text \<open>The key step: if A is real, A^T v = z A v and q = v^* A v has positive real part,
  then z q = v^* A^T v = conj q with q \<noteq> 0, so |z| = 1.\<close>
lemma eigen_ratio_unimodular_if_herm_pos:
  fixes n :: nat and M :: "nat \<Rightarrow> nat \<Rightarrow> real" and v :: "complex vec" and z :: complex
  defines "A \<equiv> mat n n (\<lambda>(i, j). complex_of_real (M i j))"
  assumes pos: "Re (herm_form n (\<lambda>i j. complex_of_real (M i j)) (\<lambda>i. v $ i)) > 0"
    and v: "v \<in> carrier_vec n" and eigen: "transpose_mat A *\<^sub>v v = z \<cdot>\<^sub>v (A *\<^sub>v v)"
  shows "cmod z = 1"
proof -
  define q where "q = herm_form n (\<lambda>i j. complex_of_real (M i j)) (\<lambda>i. v $ i)"
  have "cnj q = herm_form n (\<lambda>i j. complex_of_real (M j i)) (\<lambda>i. v $ i)"
    unfolding q_def by (rule herm_form_transpose_real[symmetric])
  also have "\<dots> = (transpose_mat A *\<^sub>v v) \<bullet>c v"
    unfolding A_def transpose_mat_of_fun by (rule herm_form_mat[OF v])
  also have "\<dots> = z * ((A *\<^sub>v v) \<bullet>c v)"
  proof -
    have "A \<in> carrier_mat n n"
      unfolding A_def by simp
    then show ?thesis
      unfolding eigen using v
      by (intro smult_scalar_prod_distrib[of _ n] mult_mat_vec_carrier carrier_vec_conjugate)
  qed
  also have "\<dots> = z * q"
    unfolding q_def A_def herm_form_mat[OF v] ..
  finally have "cmod (cnj q) = cmod (z * q)"
    by (rule arg_cong)
  then have "cmod z * cmod q = 1 * cmod q"
    by (simp only: complex_mod_cnj norm_mult mult_1)
  moreover have "cmod q \<noteq> 0"
    using pos unfolding q_def by auto
  ultimately show ?thesis
    by (rule mult_right_cancel[THEN iffD1, rotated])
qed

__Exercise objective__: Once you reach the line containing "by (rule mult_right_cancel[THEN", transcribe it and each line after it through the end of the material, exactly and with nothing added.

__Expected answer__:
    by (rule mult_right_cancel[THEN iffD1, rotated])
qed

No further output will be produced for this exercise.